Putting the value of OD in equation (1)

CD = OD/√3

CD = 60/√3

CD = 20√3 m

Also,

OB + OD = 80 m

⇒ OB = (80-60) m = 20 m

Thus, the height of the poles are 20√3 m and distance from the point of elevation are 20 m and

60 m respectively.

A TV tower stands vertically on a bank of a canal. From a point on the other bank directly opposite the tower, the angle of elevation of the top of the tower is 60°. From another point 20 m away from this point on the line joing this point to the foot of the tower, the angle of elevation of the top of the tower is 30° (see Fig. 9.12). Find the height of the tower and the width of the canal.

Ncert solutions class 10 chapter 9-12

Solution: Given, AB is the height of the tower.

DC = 20 m (given)

As per given diagram, In right ΔABD,

tan 30° = AB/BD

1/√3 = AB/(20+BC)

AB = (20+BC)/√3 … (i)

Again,

In right ΔABC,

tan 60° = AB/BC

√3 = AB/BC

AB = √3 BC … (ii)

From equation (i) and (ii)

√3 BC = (20+BC)/√3

3 BC = 20 + BC

2 BC = 20

BC = 10

Putting the value of BC in equation (ii)

AB = 10√3

This implies, the height of the tower is 10√3 m and the width of the canal is 10 m.

From the top of a 7 m high building, the angle of elevation of the top of a cable tower is 60° and the angle of depression of its foot is 45°. Determine the height of the tower.

Solution:

Let AB be the building of height 7 m and EC be the height of the tower.

A is the point from where elevation of tower is 60° and the angle of depression of its foot is 45°.

EC = DE + CD

Also, CD = AB = 7 m. and BC = AD

To Find: EC = Height of the tower

Design a figure based on given instructions:

In right ΔABC,

tan 45° = AB/BC

1= 7/BC

BC = 7

Since BC = AD

So AD = 7

Again, from right triangle ADE,

tan 60° = DE/AD

√3 = DE/7

⇒ DE = 7√3 m

Now: EC = DE + CD

= (7√3 + 7) = 7(√3+1)

Therefore, Height of the tower is 7(√3+1) m. Answer!

As observed from the top of a 75 m high lighthouse from the sea-level, the angles of depression of two ships are 30° and 45°. If one ship is exactly behind the other on the same side of the lighthouse, find the distance between the two ships.

Solution:

Let AB be the lighthouse of height 75 m. Let C and D be the positions of the ships.

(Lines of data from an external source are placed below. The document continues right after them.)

lemma barrier_bounds:
  assumes b: "\<beta> < 0" and d: "0 < d" and t: "0 < t" "t \<le> barrier_time \<beta> d N" and m: "m \<le> N"
  shows "barrier \<beta> d N m t powr \<beta> \<le> barrier_pow_bound N m * t powr (holder_exp \<beta> - 1)"
    "0 < barrier \<beta> d N m t" "barrier \<beta> d N m t \<le> d"
    "weight_max N powr (1 / \<beta>) * t powr holder_exp \<beta> \<le> barrier \<beta> d N m t"
proof -
  have c1: "weight_max N powr (1 / \<beta>) \<le> 1"
    using powr_mono2'[of "1 / \<beta>" 1 "weight_max N"] b by (simp add: weight_max_def)
  note F0 = barrier_0_bounds[OF b d t]
  have "barrier \<beta> d N m t powr \<beta> \<le> barrier_pow_bound N m * t powr (holder_exp \<beta> - 1) \<and>
    0 < barrier \<beta> d N m t \<and> barrier \<beta> d N m t \<le> d \<and>
    weight_max N powr (1 / \<beta>) * t powr holder_exp \<beta> \<le> barrier \<beta> d N m t"
  proof (cases "m = 0")
    case True
    have "weight_max N powr (1 / \<beta>) * t powr holder_exp \<beta> \<le> 1 * t powr holder_exp \<beta>"
      using c1 by (intro mult_right_mono) auto
    thus ?thesis using F0 True d by (simp add: barrier_pow_bound_def)
  next
    case False
    hence m1: "1 \<le> m" by simp
    have g: "1 \<le> barrier_weight N m" "barrier_weight N m \<le> weight_max N"
      using barrier_weight_bounds[OF m1 m] by auto
    have "barrier_weight N m powr (1 / \<beta>) \<le> 1"
      using powr_mono2'[of "1 / \<beta>" 1 "barrier_weight N m"] b g by simp
    hence "barrier \<beta> d N m t \<le> 1 * t powr holder_exp \<beta>"
      using False mult_right_mono[of _ 1 "t powr holder_exp \<beta>"] by (simp add: barrier_def)
    hence "barrier \<beta> d N m t \<le> d" using F0(3) d by linarith
    moreover have "weight_max N powr (1 / \<beta>) \<le> barrier_weight N m powr (1 / \<beta>)"
      using powr_mono2'[of "1 / \<beta>" "barrier_weight N m" "weight_max N"] b g by simp
    hence "weight_max N powr (1 / \<beta>) * t powr holder_exp \<beta> \<le> barrier \<beta> d N m t"
      using False by (simp add: barrier_def mult_right_mono)
    moreover have "0 < barrier \<beta> d N m t" using False g t by (simp add: barrier_def)
    ultimately show ?thesis
      using False barrier_powr[OF b t(1) m1 m] by (simp add: barrier_pow_bound_def)
  qed
  thus "barrier \<beta> d N m t powr \<beta> \<le> barrier_pow_bound N m * t powr (holder_exp \<beta> - 1)"
    "0 < barrier \<beta> d N m t" "barrier \<beta> d N m t \<le> d"
    "weight_max N powr (1 / \<beta>) * t powr holder_exp \<beta> \<le> barrier \<beta> d N m t" by auto
qed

30° and 45° are the angles of depression from the lighthouse.

Draw a figure based on given instructions:

To Find: CD = distance between two ships

Step 1: From right triangle ABC,

tan 45° = AB/BC

1= 75/BC

BC = 75 m

Step 2: Form right triangle ABD,

tan 30° = AB/BD

1/√3 = 75/BD

BD = 75√3

Step 3: To find measure of CD, use results obtained in step 1 and step 2.

CD = BD – BC = (75√3 – 75) = 75(√3-1)

The distance between the two ships is 75(√3-1) m. Answer!

A 1.2 m tall girl spots a balloon moving with the wind in a horizontal line at a height of 88.2 m from the ground. The angle of elevation of the balloon from the eyes of the girl at any instant is 60°. After some time, the angle of elevation reduces to 30° (see Fig. 9.13). Find the distance travelled by the balloon during the interval.

Solution:

Let the initial position of the balloon be A and final position be B.

Height of balloon above the girl height = 88.2 m – 1.2 m = 87 m.

To Find: Distance travelled by the balloon = DE = CE – CD

Let us redesign the given figure as per our convenient

Step 1: In right ΔBEC,

tan 30° = BE/CE

1/√3= 87/CE

CE = 87√3

Step 2:

In right ΔADC,

tan 60° = AD/CD

√3= 87/CD

CD = 87/√3 = 29√3

Step 3:

DE = CE – CD = (87√3 – 29√3) = 29√3(3 – 1) = 58√3

Distance travelled by the balloon = 58√3 m.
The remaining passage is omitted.